Crypto investment products see outflows for second consecutive week — CoinShares
Investments in digital asset funds have declined for the second consecutive week, with $206 million in withdrawals between April 15-19, according to data from digital asset investment firm CoinShares.
Bitcoin (BTC) funds led outflows over the past week, with $192 million exiting the market ahead of the halving event.
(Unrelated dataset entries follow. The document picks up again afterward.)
(* Let $p$ be an odd prime, $r\ge3$ with $p\nmid r$, $d\ge2$, and let $G=V\rtimes_\psi D$ with $V=\mathbb{Z}_p^d$, $D=\mathrm{D}_{2r}$ and $\psi:D\to\mathrm{GL}(V)$ an irreducible representation over $\mathbb{F}_p$. Let $x,y\in D$ be involutions with $D=\langle x,y\rangle$, and let $v,v'$ be non-identity elements of $\mathrm{C}_V(x)$. Then $\mathsf{RotaMap}(G,vx,y)\cong\mathsf{RotaMap}(G,v'x,y)$.
   Context: $\mathrm{D}_{2r}$ is the dihedral group of order $2r$; $V\rtimes_\psi D$ is the semidirect product where $D$ acts on $V=\mathbb{F}_p^d$ via $\psi$, and $\mathrm{C}_V(x)$ is the centralizer of $x$ in $V$. For a group $G$ and $\rho,\tau\in G$ with $G=\langle\rho,\tau\rangle$ and $|\tau|=2$ (a rotary pair), $\mathsf{RotaMap}(G,\rho,\tau)$ is the map whose vertices, edges and faces are the left cosets of $\langle\rho\rangle$, $\langle\tau\rangle$ and $\langle\rho\tau\rangle$ in $G$ respectively, two objects being incident iff their intersection is nonempty; it is an orientable map on which $G$ acts (by left multiplication) regularly on arcs with cyclic vertex and face stabilizers. Isomorphism means isomorphism of maps. *)

theory Defs
  imports "HOL-Algebra.Algebra"
begin

text \<open>Vectors of F_p^d are represented as functions nat => int, with entries in {0..<p}
  at coordinates < d and 0 elsewhere; addition is componentwise mod p.\<close>

definition Vset :: "nat \<Rightarrow> nat \<Rightarrow> (nat \<Rightarrow> int) set" where
  "Vset p d = {v. \<forall>i. (i < d \<longrightarrow> 0 \<le> v i \<and> v i < int p) \<and> (d \<le> i \<longrightarrow> v i = 0)}"

definition vzero :: "nat \<Rightarrow> int" where
  "vzero = (\<lambda>i. 0)"

definition vadd :: "nat \<Rightarrow> (nat \<Rightarrow> int) \<Rightarrow> (nat \<Rightarrow> int) \<Rightarrow> (nat \<Rightarrow> int)" where
  "vadd p u w = (\<lambda>i. (u i + w i) mod int p)"

definition vsmult :: "nat \<Rightarrow> int \<Rightarrow> (nat \<Rightarrow> int) \<Rightarrow> (nat \<Rightarrow> int)" where
  "vsmult p c u = (\<lambda>i. (c * u i) mod int p)"

definition linear_Fp :: "nat \<Rightarrow> nat \<Rightarrow> ((nat \<Rightarrow> int) \<Rightarrow> (nat \<Rightarrow> int)) \<Rightarrow> bool" where
  "linear_Fp p d f \<longleftrightarrow>
     (\<forall>u\<in>Vset p d. \<forall>w\<in>Vset p d. f (vadd p u w) = vadd p (f u) (f w)) \<and>
     (\<forall>c\<in>{0..<int p}. \<forall>u\<in>Vset p d. f (vsmult p c u) = vsmult p c (f u))"

definition subspace_Fp :: "nat \<Rightarrow> nat \<Rightarrow> (nat \<Rightarrow> int) set \<Rightarrow> bool" where
  "subspace_Fp p d W \<longleftrightarrow> W \<subseteq> Vset p d \<and> vzero \<in> W \<and>
     (\<forall>u\<in>W. \<forall>w\<in>W. vadd p u w \<in> W) \<and>
     (\<forall>c\<in>{0..<int p}. \<forall>u\<in>W. vsmult p c u \<in> W)"

text \<open>(k, False) is rho^k, (k, True) is rho^k sigma, with sigma rho sigma = rho^-1.\<close>
definition dihedral :: "nat \<Rightarrow> (nat \<times> bool) monoid" where
  "dihedral r = \<lparr> carrier = {0..<r} \<times> UNIV,
     monoid.mult = (\<lambda>(a, s) (b, t). ((a + (if s then r - b else b)) mod r, s \<noteq> t)),
     one = (0, False) \<rparr>"

definition is_rep :: "nat \<Rightarrow> nat \<Rightarrow> ('g, 'b) monoid_scheme \<Rightarrow>
    ('g \<Rightarrow> (nat \<Rightarrow> int) \<Rightarrow> (nat \<Rightarrow> int)) \<Rightarrow> bool" where
  "is_rep p d D \<psi> \<longleftrightarrow> \<psi> \<in> hom D (BijGroup (Vset p d)) \<and>
     (\<forall>g\<in>carrier D. linear_Fp p d (\<psi> g))"

definition irreducible_rep :: "nat \<Rightarrow> nat \<Rightarrow> ('g, 'b) monoid_scheme \<Rightarrow>
    ('g \<Rightarrow> (nat \<Rightarrow> int) \<Rightarrow> (nat \<Rightarrow> int)) \<Rightarrow> bool" where
  "irreducible_rep p d D \<psi> \<longleftrightarrow> is_rep p d D \<psi> \<and> Vset p d \<noteq> {vzero} \<and>
     (\<forall>W. subspace_Fp p d W \<and> (\<forall>g\<in>carrier D. \<psi> g ` W \<subseteq> W) \<longrightarrow>
          W = {vzero} \<or> W = Vset p d)"

text \<open>V \<rtimes>_psi D, elements (v, a) standing for v a.\<close>
definition semidirect :: "nat \<Rightarrow> nat \<Rightarrow> ('g, 'b) monoid_scheme \<Rightarrow>
    ('g \<Rightarrow> (nat \<Rightarrow> int) \<Rightarrow> (nat \<Rightarrow> int)) \<Rightarrow> ((nat \<Rightarrow> int) \<times> 'g) monoid" where
  "semidirect p d D \<psi> = \<lparr> carrier = Vset p d \<times> carrier D,
     monoid.mult = (\<lambda>(u, a) (w, b). (vadd p u (\<psi> a w), a \<otimes>\<^bsub>D\<^esub> b)),
     one = (vzero, \<one>\<^bsub>D\<^esub>) \<rparr>"

text \<open>C_V(x): elements of V (embedded as (v,1)) commuting in G with x (embedded as (0,x)).\<close>
definition centraliser_V :: "nat \<Rightarrow> nat \<Rightarrow> ('g, 'b) monoid_scheme \<Rightarrow>
    ('g \<Rightarrow> (nat \<Rightarrow> int) \<Rightarrow> (nat \<Rightarrow> int)) \<Rightarrow> 'g \<Rightarrow> (nat \<Rightarrow> int) set" where
  "centraliser_V p d D \<psi> x = {v \<in> Vset p d.
     (v, \<one>\<^bsub>D\<^esub>) \<otimes>\<^bsub>semidirect p d D \<psi>\<^esub> (vzero, x) =
     (vzero, x) \<otimes>\<^bsub>semidirect p d D \<psi>\<^esub> (v, \<one>\<^bsub>D\<^esub>)}"

definition involution :: "('g, 'b) monoid_scheme \<Rightarrow> 'g \<Rightarrow> bool" where
  "involution D x \<longleftrightarrow> x \<in> carrier D \<and> x \<noteq> \<one>\<^bsub>D\<^esub> \<and> x \<otimes>\<^bsub>D\<^esub> x = \<one>\<^bsub>D\<^esub>"

definition rota_vertices :: "('a, 'b) monoid_scheme \<Rightarrow> 'a \<Rightarrow> 'a \<Rightarrow> 'a set set" where
  "rota_vertices G \<rho> \<tau> = (\<lambda>g. g <#\<^bsub>G\<^esub> generate G {\<rho>}) ` carrier G"

definition rota_edges :: "('a, 'b) monoid_scheme \<Rightarrow> 'a \<Rightarrow> 'a \<Rightarrow> 'a set set" where
  "rota_edges G \<rho> \<tau> = (\<lambda>g. g <#\<^bsub>G\<^esub> generate G {\<tau>}) ` carrier G"

definition rota_faces :: "('a, 'b) monoid_scheme \<Rightarrow> 'a \<Rightarrow> 'a \<Rightarrow> 'a set set" where
  "rota_faces G \<rho> \<tau> = (\<lambda>g. g <#\<^bsub>G\<^esub> generate G {\<rho> \<otimes>\<^bsub>G\<^esub> \<tau>}) ` carrier G"

text \<open>Isomorphism of RotaMap(G1,rho1,tau1) and RotaMap(G2,rho2,tau2): type-preserving
  bijections of vertices, edges and faces preserving and reflecting incidence
  (incidence = nonempty intersection).\<close>
definition incidence_preserving :: "'a set set \<Rightarrow> 'a set set \<Rightarrow> ('a set \<Rightarrow> 'c set) \<Rightarrow>
    ('a set \<Rightarrow> 'c set) \<Rightarrow> bool" where
  "incidence_preserving A B f g \<longleftrightarrow>
     (\<forall>a\<in>A. \<forall>b\<in>B. (a \<inter> b \<noteq> {}) \<longleftrightarrow> (f a \<inter> g b \<noteq> {}))"

definition rota_map_iso :: "('a, 'b) monoid_scheme \<Rightarrow> 'a \<Rightarrow> 'a \<Rightarrow>
    ('c, 'e) monoid_scheme \<Rightarrow> 'c \<Rightarrow> 'c \<Rightarrow> bool" where
  "rota_map_iso G1 \<rho>1 \<tau>1 G2 \<rho>2 \<tau>2 \<longleftrightarrow>
    (\<exists>fv fe ff.
       bij_betw fv (rota_vertices G1 \<rho>1 \<tau>1) (rota_vertices G2 \<rho>2 \<tau>2) \<and>
       bij_betw fe (rota_edges G1 \<rho>1 \<tau>1) (rota_edges G2 \<rho>2 \<tau>2) \<and>
       bij_betw ff (rota_faces G1 \<rho>1 \<tau>1) (rota_faces G2 \<rho>2 \<tau>2) \<and>
       incidence_preserving (rota_vertices G1 \<rho>1 \<tau>1) (rota_edges G1 \<rho>1 \<tau>1) fv fe \<and>
       incidence_preserving (rota_vertices G1 \<rho>1 \<tau>1) (rota_faces G1 \<rho>1 \<tau>1) fv ff \<and>
       incidence_preserving (rota_edges G1 \<rho>1 \<tau>1) (rota_faces G1 \<rho>1 \<tau>1) fe ff)"

end

theory Submission
  imports Defs
begin

(* Since x, y generate D_2r and r >= 3, x is a reflection. Let E be the algebra of F_p-linear
   maps V -> V commuting with psi. For a rotation k, conjugation in D_2r sends k to k or k^-1, so
   psi(k) + psi(k^-1) lies in E; and for every g, psi(g) v + psi(x) psi(g) v has this form applied
   to v, because psi(x) v = v. Irreducibility spreads this from the orbit of v to all of V, so
   w + psi(x) w lies in E v for every w; for w = v' this is 2 v', and p is odd, so v' = T v with
   T in E. By Schur's lemma T is bijective, so (u, a) |-> (T u, a) is an automorphism of G fixing
   y and sending v x to v' x, and automorphisms carry coset maps isomorphically. *)

section \<open>Rotary maps of isomorphic groups\<close>

lemma hom_image_l_coset:
  assumes "\<alpha> \<in> hom G H" "g \<in> carrier G" "S \<subseteq> carrier G"
  shows "\<alpha> ` (g <#\<^bsub>G\<^esub> S) = \<alpha> g <#\<^bsub>H\<^esub> \<alpha> ` S"
  using assms by (force simp: l_coset_def hom_mult)

lemma (in group) cosets_generate_subset:
  assumes "a \<in> carrier G"
  shows "\<Union> ((\<lambda>g. g <# generate G {a}) ` carrier G) \<subseteq> carrier G"
  using assms generate_incl[of "{a}"] l_coset_subset_G by auto

lemma iso_image_cosets_generate:
  assumes G: "group G" and H: "group H" and \<alpha>: "\<alpha> \<in> iso G H" and a: "a \<in> carrier G"
  shows "bij_betw ((`) \<alpha>) ((\<lambda>g. g <#\<^bsub>G\<^esub> generate G {a}) ` carrier G)
                          ((\<lambda>h. h <#\<^bsub>H\<^esub> generate H {\<alpha> a}) ` carrier H)"
proof -
  interpret group_hom G H \<alpha>
    using G H \<alpha> by (simp add: group_hom_def group_hom_axioms_def iso_def)
  have hom: "\<alpha> \<in> hom G H" and bij: "bij_betw \<alpha> (carrier G) (carrier H)"
    using \<alpha> by (auto simp: iso_def)
  have sub: "generate G {a} \<subseteq> carrier G"
    using a by (simp add: G.generate_incl)
  have "(`) \<alpha> ` (\<lambda>g. g <#\<^bsub>G\<^esub> generate G {a}) ` carrier G
      = (\<lambda>g. \<alpha> g <#\<^bsub>H\<^esub> generate H {\<alpha> a}) ` carrier G"
    using hom_image_l_coset[OF hom _ sub] generate_img[of "{a}"] a by (simp add: image_image)
  also have "\<dots> = (\<lambda>h. h <#\<^bsub>H\<^esub> generate H {\<alpha> a}) ` \<alpha> ` carrier G"
    by (simp add: image_image)
  finally show ?thesis
    using inj_on_image[OF inj_on_subset[OF _ G.cosets_generate_subset[OF a]], of \<alpha>] bij
    by (simp add: bij_betw_def)
qed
Ether (ETH) investment products also experienced outflows of $34 million, marking their sixth consecutive week of negative flow.
Investment in blockchain equities has also been declining, with the sector recording its 11th consecutive week of outflows, totaling $9 million.
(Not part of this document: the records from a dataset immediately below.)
(* Let $W$ be a balanced tetrahedral erasure channel with $Q(W)\le 2$. Then $Q(W^{s})\le 2$ and $Q(W^{p})\le 2$.
   Context: $\mathrm{TEC}(p,q,r,s,t)$ denotes a tetrahedral erasure channel with parameters $p,q,r,s,t\ge0$ summing to $1$. Its entropy is $H=\frac{q+r+s}{2}+t$, its edge mass is $E=q+r+s$, and its Quetelet index is $Q=E/(H(1-H))$ (defined when $0<H<1$). It is balanced if $q=r=s$. For $W=\mathrm{TEC}(p,q,r,s,t)$, the serial child is $W^{s}=\mathrm{TEC}(p^2,\ ps+sq+qp,\ pq+qr+rp,\ pr+rs+sp,\ 1-\text{(sum of the other four)})$ and the parallel child is $W^{p}=\mathrm{TEC}(1-\text{(sum of the other four)},\ ts+sq+qt,\ tq+qr+rt,\ tr+rs+st,\ t^2)$. *)

theory Defs
  imports Complex_Main
begin

type_synonym tec = "real \<times> real \<times> real \<times> real \<times> real"

definition is_TEC :: "tec \<Rightarrow> bool" where
  "is_TEC W = (case W of (p,q,r,s,t) \<Rightarrow>
     p \<ge> 0 \<and> q \<ge> 0 \<and> r \<ge> 0 \<and> s \<ge> 0 \<and> t \<ge> 0 \<and> p + q + r + s + t = 1)"

definition tec_entropy :: "tec \<Rightarrow> real" where
  "tec_entropy W = (case W of (p,q,r,s,t) \<Rightarrow> (q + r + s) / 2 + t)"

definition tec_edge_mass :: "tec \<Rightarrow> real" where
  "tec_edge_mass W = (case W of (p,q,r,s,t) \<Rightarrow> q + r + s)"

definition quetelet :: "tec \<Rightarrow> real" where
  "quetelet W = tec_edge_mass W / (tec_entropy W * (1 - tec_entropy W))"

definition balanced :: "tec \<Rightarrow> bool" where
  "balanced W = (case W of (p,q,r,s,t) \<Rightarrow> q = r \<and> r = s)"

definition serial_child :: "tec \<Rightarrow> tec" where
  "serial_child W = (case W of (p,q,r,s,t) \<Rightarrow>
     (let a = p^2; b = p*s + s*q + q*p; c = p*q + q*r + r*p; d = p*r + r*s + s*p
      in (a, b, c, d, 1 - (a + b + c + d))))"

definition parallel_child :: "tec \<Rightarrow> tec" where
  "parallel_child W = (case W of (p,q,r,s,t) \<Rightarrow>
     (let b = t*s + s*q + q*t; c = t*q + q*r + r*t; d = t*r + r*s + s*t; e = t^2
      in (1 - (b + c + d + e), b, c, d, e)))"

end

theory Submission
  imports Defs
begin

text \<open>For a balanced channel \<open>(p,q,q,q,t)\<close> with \<open>p + 3q + t = 1\<close> one has
  \<open>2H(1 - H) - E = 2pt - 9q\<^sup>2/2\<close>, so \<open>Q \<le> 2\<close> says exactly \<open>9q\<^sup>2 \<le> 4pt\<close>. The serial child
  is again balanced, \<open>(p\<^sup>2, b, b, b, 1 - p\<^sup>2 - 3b)\<close> with \<open>b = 2pq + q\<^sup>2\<close>, and its criterion
  \<open>9b\<^sup>2 \<le> 4p\<^sup>2(1 - p\<^sup>2 - 3b)\<close> is \<open>v \<le> p\<close> for \<open>v = p\<^sup>2 + 3b/2\<close>; since \<open>p - v = pt - 3q\<^sup>2/2\<close>, this
  follows from \<open>9q\<^sup>2 \<le> 4pt\<close>. Exchanging the roles of \<open>p\<close> and \<open>t\<close> turns the parallel
  child into the serial child and \<open>H\<close> into \<open>1 - H\<close>, which leaves \<open>Q\<close> unchanged.\<close>

definition tec_flip :: "tec \<Rightarrow> tec" where
  "tec_flip W = (case W of (p,q,r,s,t) \<Rightarrow> (t,q,r,s,p))"

lemma is_TEC_tec_flip: "is_TEC W \<Longrightarrow> is_TEC (tec_flip W)"
  by (cases W) (auto simp: is_TEC_def tec_flip_def)

lemma balanced_tec_flip: "balanced W \<Longrightarrow> balanced (tec_flip W)"
  by (cases W) (auto simp: balanced_def tec_flip_def)

lemma tec_entropy_tec_flip: "is_TEC W \<Longrightarrow> tec_entropy (tec_flip W) = 1 - tec_entropy W"
  by (cases W) (auto simp: is_TEC_def tec_entropy_def tec_flip_def field_simps)

lemma quetelet_tec_flip: "is_TEC W \<Longrightarrow> quetelet (tec_flip W) = quetelet W"
  by (simp add: quetelet_def tec_entropy_tec_flip mult.commute)
    (cases W, simp add: tec_edge_mass_def tec_flip_def)

lemma parallel_child_eq_flip_serial_child:
  "parallel_child W = tec_flip (serial_child (tec_flip W))"
  by (cases W) (simp add: parallel_child_def serial_child_def tec_flip_def Let_def algebra_simps)

lemma is_TEC_serial_child:
  assumes "is_TEC W"
  shows "is_TEC (serial_child W)"
proof -
  obtain p q r s t where W: "W = (p,q,r,s,t)" by (cases W) auto
  have nonneg: "p \<ge> 0" "q \<ge> 0" "r \<ge> 0" "s \<ge> 0" and "p + q + r + s \<le> 1"
    using assms by (auto simp: W is_TEC_def)
  then have "(p + q + r + s)\<^sup>2 \<le> 1"
    by (simp add: power_le_one)
  moreover have "p\<^sup>2 + (p*s + s*q + q*p) + (p*q + q*r + r*p) + (p*r + r*s + s*p)
      \<le> (p + q + r + s)\<^sup>2"
    using nonneg by (simp add: power2_eq_square algebra_simps)
  ultimately show ?thesis
    using nonneg by (simp add: W is_TEC_def serial_child_def Let_def)
qed

lemma quetelet_balanced_le_2_iff:
  fixes p q t :: real
  assumes "p + 3*q + t = 1"
    and "0 < tec_entropy (p,q,q,q,t)" "tec_entropy (p,q,q,q,t) < 1"
  shows "quetelet (p,q,q,q,t) \<le> 2 \<longleftrightarrow> 9*q\<^sup>2 \<le> 4*p*t"
proof -
  define H where "H = 3*q/2 + t"
  have "0 < H" "H < 1"
    using assms(2,3) by (simp_all add: H_def tec_entropy_def)
  then have "quetelet (p,q,q,q,t) \<le> 2 \<longleftrightarrow> 3*q \<le> 2*(H*(1 - H))"
    by (simp add: quetelet_def tec_entropy_def tec_edge_mass_def H_def[symmetric]
        pos_divide_le_eq)
  moreover have "2*(H*(1 - H)) - 3*q = 2*p*t - 9*q\<^sup>2/2"
  proof -
    have p: "p = 1 - 3*q - t"
      using assms(1) by linarith
    show ?thesis
      by (simp add: H_def p power2_eq_square algebra_simps)
  qed
  ultimately show ?thesis
    by linarith
qed

lemma serial_child_balanced:
  "serial_child (p,q,q,q,t) =
    (p\<^sup>2, 2*p*q + q\<^sup>2, 2*p*q + q\<^sup>2, 2*p*q + q\<^sup>2, 1 - p\<^sup>2 - 3*(2*p*q + q\<^sup>2))"
  by (simp add: serial_child_def Let_def power2_eq_square algebra_simps)

lemma serial_child_quetelet_le_2:
  assumes "is_TEC W" "balanced W"
    and "0 < tec_entropy W" "tec_entropy W < 1" "quetelet W \<le> 2"
  shows "0 < tec_entropy (serial_child W) \<and> tec_entropy (serial_child W) < 1
    \<and> quetelet (serial_child W) \<le> 2"
proof -
  obtain p q t where W: "W = (p,q,q,q,t)"
    using assms(2) by (cases W) (auto simp: balanced_def)
  have nonneg: "p \<ge> 0" "q \<ge> 0" "t \<ge> 0" and sum: "p + 3*q + t = 1"
    using assms(1) by (auto simp: W is_TEC_def)
  have "9*q\<^sup>2 \<le> 4*p*t"
    using quetelet_balanced_le_2_iff[OF sum] assms(3-5) by (simp add: W)
  define b where "b = 2*p*q + q\<^sup>2"
  define v where "v = p\<^sup>2 + 3*b/2"
  have child: "serial_child W = (p\<^sup>2, b, b, b, 1 - p\<^sup>2 - 3*b)"
    by (simp add: W b_def serial_child_balanced)
  have entropy: "tec_entropy (serial_child W) = 1 - v"
    by (simp add: child tec_entropy_def v_def)
  have t: "t = 1 - p - 3*q"
    using sum by linarith
  have "p - v = p*t - 3*q\<^sup>2/2"
    by (simp add: v_def b_def t power2_eq_square algebra_simps)
  then have "v \<le> p"
    using \<open>9*q\<^sup>2 \<le> 4*p*t\<close> zero_le_power2[of q] by linarith
  have "p < 1"
    using assms(3) nonneg sum by (simp add: W tec_entropy_def)
  have "0 < p \<or> 0 < q"
    using assms(4) nonneg sum by (auto simp: W tec_entropy_def)
  then have "0 < p\<^sup>2 + q\<^sup>2"
    by (auto intro: add_pos_nonneg add_nonneg_pos)
  moreover have "v = p\<^sup>2 + 3*(p*q) + 3*q\<^sup>2/2"
    by (simp add: v_def b_def field_simps)
  ultimately have "0 < v"
    using mult_nonneg_nonneg[OF nonneg(1,2)] zero_le_power2[of q] by linarith
  have "0 \<le> (p - v)*(p + v)"
    using \<open>v \<le> p\<close> \<open>0 < v\<close> by simp
  also have "\<dots> = (4*p\<^sup>2*(1 - p\<^sup>2 - 3*b) - 9*b\<^sup>2)/4"
    by (simp add: v_def power2_eq_square algebra_simps)
  finally have "9*b\<^sup>2 \<le> 4*p\<^sup>2*(1 - p\<^sup>2 - 3*b)"
    by simp
  moreover have "0 < tec_entropy (serial_child W)" "tec_entropy (serial_child W) < 1"
    using \<open>v \<le> p\<close> \<open>p < 1\<close> \<open>0 < v\<close> by (simp_all add: entropy)
  ultimately show ?thesis
    using quetelet_balanced_le_2_iff[of "p\<^sup>2" b "1 - p\<^sup>2 - 3*b"] by (simp add: child)
qed

theorem mainTheorem9:
  fixes W :: tec
  assumes "is_TEC W"
    and "balanced W"
    and "0 < tec_entropy W" and "tec_entropy W < 1"
    and "quetelet W \<le> 2"
  shows "0 < tec_entropy (serial_child W) \<and> tec_entropy (serial_child W) < 1
           \<and> quetelet (serial_child W) \<le> 2
         \<and> 0 < tec_entropy (parallel_child W) \<and> tec_entropy (parallel_child W) < 1
           \<and> quetelet (parallel_child W) \<le> 2"
proof -
  have flip: "is_TEC (tec_flip W)" "balanced (tec_flip W)"
    "0 < tec_entropy (tec_flip W)" "tec_entropy (tec_flip W) < 1"
    "quetelet (tec_flip W) \<le> 2"
    using assms by (simp_all add: is_TEC_tec_flip balanced_tec_flip tec_entropy_tec_flip
        quetelet_tec_flip)
  have "is_TEC (serial_child (tec_flip W))"
    using flip(1) by (rule is_TEC_serial_child)
  then show ?thesis
    using serial_child_quetelet_le_2[OF assms] serial_child_quetelet_le_2[OF flip]
    by (simp add: parallel_child_eq_flip_serial_child tec_entropy_tec_flip quetelet_tec_flip)
qed

end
According to CoinShares, the downtrend is likely a result of investors’ concerns about rising interest rates in the United States, which can make less risky financial instruments more attractive compared to volatile assets such as cryptocurrencies.
The Federal Reserve anticipated easing its monetary policy in mid-2024 if economic conditions aligned, but recent inflation data have dampened those hopes. The annual Consumer Price Index in March increased by 3.5%, exceeding expectations for the third consecutive month and indicating that lower rates may not become a reality until 2025. The federal funds rate currently sits between 5.25% and 5.50%.
“The data suggests appetite from ETP/ETF investors continues to wane, likely off the back of expectations that the FED is likely to keep interest rates at these high levels for longer than expected.”
Trading volume for Bitcoin exchange-traded funds (ETFs) declined slightly to $18 billion over the week. Bitcoin fund outflows, however, were not seen as an opportunity to short the cryptocurrency. According to CoinShares, the trend indicates that while investors are stepping away from volatility, they are not necessarily expecting Bitcoin price to crash anytime soon.
“These volumes represent a lower percentage of total Bitcoin volumes (which continue to rise) at 28%, compared to 55% a month ago,” the report said.
Inflows into Bitcoin ETFs have significantly slowed since their peak in March. Meanwhile, BlackRock's iShares Bitcoin Trust (IBIT), the largest ETF in terms of assets managed, maintained a steady level of investor interest this month, drawing $1.4 billion in positive flows as of April 19.